Question

If we rotate the axes of the rectangular hyperbola $x^2-y^2=a^2$ through an angle $\pi / 4$ in the clockwise direction then the equation $x^2-y^2=a^2$ reduces to $x y=\frac{a^2}{2}=\left(\frac{a}{\sqrt{2}}\right)^2=c^2$ (say).
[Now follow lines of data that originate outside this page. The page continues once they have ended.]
lemma map_fixes_col_matrix_shift:
  assumes "0 < L" "L < L'" and d: "\<And>k. L \<le> k \<Longrightarrow> d k = 0"
    and fixed: "\<phi> (col_matrix L' d) = col_matrix L' d"
  shows "\<phi> (col_matrix L d) = col_matrix L d"
proof -
  obtain c where c: "\<phi> (col_matrix L d) = col_matrix L (d(0 := c))"
    using map_col_matrix_upd_zero by blast
  have "col_matrix L' (d(0 := c)) = col_matrix L' d"
    using map_comm_transv[OF col_matrix_in_UT \<open>L < L'\<close>, of L d] c fixed d \<open>0 < L\<close>
      ut_comm_col_matrix_transv_shift[OF \<open>L < L'\<close>, of d]
      ut_comm_col_matrix_transv_shift[OF \<open>L < L'\<close>, of "d(0 := c)"] by simp
  then have "c = d 0"
    using col_matrix_entry[of 0 L' "d(0 := c)"] col_matrix_entry[of 0 L' d] assms(1,2) by simp
  then show ?thesis using c by simp
qed
lemma has_derivative_hm_kernel:
  fixes x y :: "real ^ 'n::{finite,linorder}"
  assumes "y $ lastidx \<noteq> 0" "y \<noteq> x" "y \<noteq> vhat x"
  shows "(hm_kernel x A has_derivative hm_kernel_deriv x A y) (at y)"
proof -
  have "(hm_factor x A has_derivative (\<lambda>h. cl_vec (sphere_inversion_deriv (y - x) h) \<odot> A
      - cl_vec (sphere_inversion_deriv (y - vhat x) h) \<odot> cl_hat A)) (at y)"
  proof -
    have "(hm_factor x A has_derivative (\<lambda>h.
        (cl_vec (sphere_inversion (y - x)) \<odot> 0 + cl_vec (sphere_inversion_deriv (y - x) h) \<odot> A)
      - (cl_vec (sphere_inversion (y - vhat x)) \<odot> 0
         + cl_vec (sphere_inversion_deriv (y - vhat x) h) \<odot> cl_hat A))) (at y)"
      unfolding hm_factor_def[abs_def]
      by (intro has_derivative_diff cl_mult.FDERIV has_derivative_cl_vec_sphere_inversion
          has_derivative_const assms)
    then show ?thesis by (simp add: cl_mult.zero_right)
  qed
  from has_derivative_scaleR
    [OF has_derivative_nth_power_div_norm_powers[OF assms, where m = "CARD('n) - 2"] this]
  show ?thesis
    unfolding hm_kernel_eq[abs_def] hm_kernel_deriv_def[abs_def] hm_weight_def[abs_def] .
qed

text \<open>The hypothesis CARD('n) \<ge> 2 makes the natural-number exponent CARD('n) - 2 of the
  weight agree with the real coefficient of DH.\<close>

lemma dirac_hm_kernel_deriv:
  fixes x y :: "real ^ 'n::{finite,linorder}"
  assumes "CARD('n) \<ge> 2" "y \<noteq> x" "y \<noteq> vhat x"
  defines "m \<equiv> real CARD('n) - 2"
    and "a \<equiv> cl_vec (sphere_inversion (y - x))" and "b \<equiv> cl_vec (sphere_inversion (y - vhat x))"
  shows "(\<Sum>j\<in>UNIV. cl_e j \<odot> hm_kernel_deriv x A y (axis j 1))
    = hm_weight x y *\<^sub>R ((- (m / ((y - x) \<bullet> (y - x)))) *\<^sub>R A
        + (m / ((y - vhat x) \<bullet> (y - vhat x))) *\<^sub>R cl_hat A)
      + (m * hm_weight x y) *\<^sub>R (((1 / y $ lastidx) *\<^sub>R cl_e lastidx - a - b) \<odot> hm_factor x A y)"
proof -
  have "(\<Sum>j\<in>UNIV. cl_e j \<odot> (cl_vec (sphere_inversion_deriv (y - x) (axis j 1)) \<odot> A
        - cl_vec (sphere_inversion_deriv (y - vhat x) (axis j 1)) \<odot> cl_hat A))
      = (- (m / ((y - x) \<bullet> (y - x)))) *\<^sub>R A + (m / ((y - vhat x) \<bullet> (y - vhat x))) *\<^sub>R cl_hat A"
    using dirac_sphere_inversion_deriv[of "y - x"] dirac_sphere_inversion_deriv[of "y - vhat x"] assms
    by (simp add: m_def cl_mult.diff_right sum_subtractf cl_mult_assoc[symmetric]
        flip: cl_mult.sum_left) (simp add: cl_mult.minus_left cl_mult.scaleR_left)
  moreover have "(\<Sum>j\<in>UNIV. (axis j 1 $ lastidx / y $ lastidx - sphere_inversion (y - x) \<bullet> axis j 1
        - sphere_inversion (y - vhat x) \<bullet> axis j 1) *\<^sub>R (cl_e j \<odot> U))
      = ((1 / y $ lastidx) *\<^sub>R cl_e lastidx - a - b) \<odot> U" for U
  proof -
    have "(\<Sum>j\<in>UNIV. (axis j 1 $ lastidx / y $ lastidx - sphere_inversion (y - x) \<bullet> axis j 1
        - sphere_inversion (y - vhat x) \<bullet> axis j 1) *\<^sub>R cl_e j)
      = cl_vec ((1 / y $ lastidx) *\<^sub>R axis lastidx 1 - sphere_inversion (y - x)
          - sphere_inversion (y - vhat x))"
      unfolding cl_vec_def by (intro sum.cong refl) (simp add: inner_axis, simp add: axis_def)
    also have "\<dots> = (1 / y $ lastidx) *\<^sub>R cl_e lastidx - a - b"
      by (simp add: a_def b_def cl_vec_diff cl_vec_scaleR cl_vec_axis)
    finally show ?thesis
      by (simp only: flip: cl_mult.scaleR_left cl_mult.sum_left)
  qed
  ultimately show ?thesis
    using assms(1)
    by (simp add: hm_kernel_deriv_def cl_mult.add_right cl_mult.scaleR_right sum.distrib
        of_nat_diff m_def flip: scaleR_sum_right scaleR_scaleR)
qed

lemma cl_Q'_hm_factor:
  fixes x y :: "real ^ 'n::{finite,linorder}"
  assumes "y \<noteq> x" "y \<noteq> vhat x"
  defines "a \<equiv> cl_vec (sphere_inversion (y - x))" and "b \<equiv> cl_vec (sphere_inversion (y - vhat x))"
  shows "cl_Q' (hm_factor x A y) = (y $ lastidx) *\<^sub>R ((a + b) \<odot> hm_factor x A y)
    + (y $ lastidx / ((y - x) \<bullet> (y - x))) *\<^sub>R A
    - (y $ lastidx / ((y - vhat x) \<bullet> (y - vhat x))) *\<^sub>R cl_hat A
    - cl_e lastidx \<odot> hm_factor x A y"
proof -
  define w v where "w = y - x" and "v = y - vhat x"
  have "w \<noteq> 0" "v \<noteq> 0"
    using assms by (simp_all add: w_def v_def)
  have same: "v $ i = w $ i" if "i \<noteq> lastidx" for i
    using that by (simp add: v_def w_def vhat_def)
  have last: "v $ lastidx + w $ lastidx = 2 * y $ lastidx"
    by (simp add: v_def w_def vhat_def)
  have "cl_e lastidx \<odot> hm_factor x A y + cl_Q' (hm_factor x A y)
      - (y $ lastidx) *\<^sub>R ((a + b) \<odot> hm_factor x A y)
      - (y $ lastidx / (w \<bullet> w)) *\<^sub>R A + (y $ lastidx / (v \<bullet> v)) *\<^sub>R cl_hat A = 0"
    unfolding hm_factor_def a_def b_def w_def[symmetric] v_def[symmetric]
    by (rule kernel_clifford_identity)
      (simp_all add: cl_vec_mult_self inner_sphere_inversion_self cl_e_last_mult_sphere_inversions
        same last \<open>w \<noteq> 0\<close> \<open>v \<noteq> 0\<close> add.commute)
  then show ?thesis by (simp add: w_def v_def algebra_simps)
qed

lemma dirac_hodge_hm_kernel:
  fixes x y :: "real ^ 'n::{finite,linorder}"
  assumes "CARD('n) \<ge> 2" and y: "y $ lastidx \<noteq> 0" "y \<noteq> x" "y \<noteq> vhat x"
  shows "DH (hm_kernel x A) y = 0"
proof -
  define t m where "t = y $ lastidx" and "m = real CARD('n) - 2"
  define R S where "R = (y - x) \<bullet> (y - x)" and "S = (y - vhat x) \<bullet> (y - vhat x)"
  define a b
    where "a = cl_vec (sphere_inversion (y - x))" and "b = cl_vec (sphere_inversion (y - vhat x))"
  define \<phi> U where "\<phi> = hm_weight x y" and "U = hm_factor x A y"
  have "DH (hm_kernel x A) y
      = \<phi> *\<^sub>R ((- (m / R)) *\<^sub>R A + (m / S) *\<^sub>R cl_hat A)
        + (m * \<phi>) *\<^sub>R (((1 / t) *\<^sub>R cl_e lastidx - a - b) \<odot> U)
        + (m * \<phi> / t) *\<^sub>R (t *\<^sub>R ((a + b) \<odot> U) + (t / R) *\<^sub>R A - (t / S) *\<^sub>R cl_hat A
            - cl_e lastidx \<odot> U)"
    unfolding dirac_hodge_eq_has_derivative[OF has_derivative_hm_kernel[OF y]]
      dirac_hm_kernel_deriv[OF assms(1) y(2,3)]
    by (simp add: hm_kernel_eq linear_scale[OF bounded_linear.linear[OF bounded_linear_cl_Q']]
        cl_Q'_hm_factor[OF y(2,3)] t_def m_def R_def S_def a_def b_def \<phi>_def U_def)
  also have "\<dots> = 0"
    using y(1) by (simp add: t_def cl_mult.diff_left cl_mult.add_left cl_mult.scaleR_left algebra_simps)
  finally show ?thesis .
qed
Since $x=c t, y=\frac{c}{t}$ satisfies $x y=c^2$
$\therefore (x, y)=\left(c t, \frac{c}{t}\right)(t \neq c)$ is called a 't' point on the rectangular hyperbola.
If $t_1$ and $t_2$ are the roots of the equation $x^2-4 x+2=0$, then the point of intersection of tangents at '$ t_1$' and '$ t_2$ ' on $x y=c^2$ is -

• A. $\left(\frac{ c }{2}, 2 c \right)$
• B. $\left(2 c , \frac{ c }{2}\right)$
• C. $\left(\frac{c}{2}, c\right)$
• D. $\left( c , \frac{ c }{2}\right)$

Answer 1

Answer: (D)

Tangent of $xy = c ^2$ at $t _1 \& t _2$ are
$x+t_1^2 y =2 c t_1 \ldots(i)$
and $x+t_2^2 y =2 c t_2 \ldots \text { (ii) }$
on solving (i) & (ii) we get
$y=\frac{2 c}{t_1+t_2}=\frac{2 c}{4}, x=\frac{2 c_1 t_2}{t_1+t_2}=\frac{4 c}{4}$
$\therefore$ point of intersection is $\left(c, \frac{c}{2}\right)$.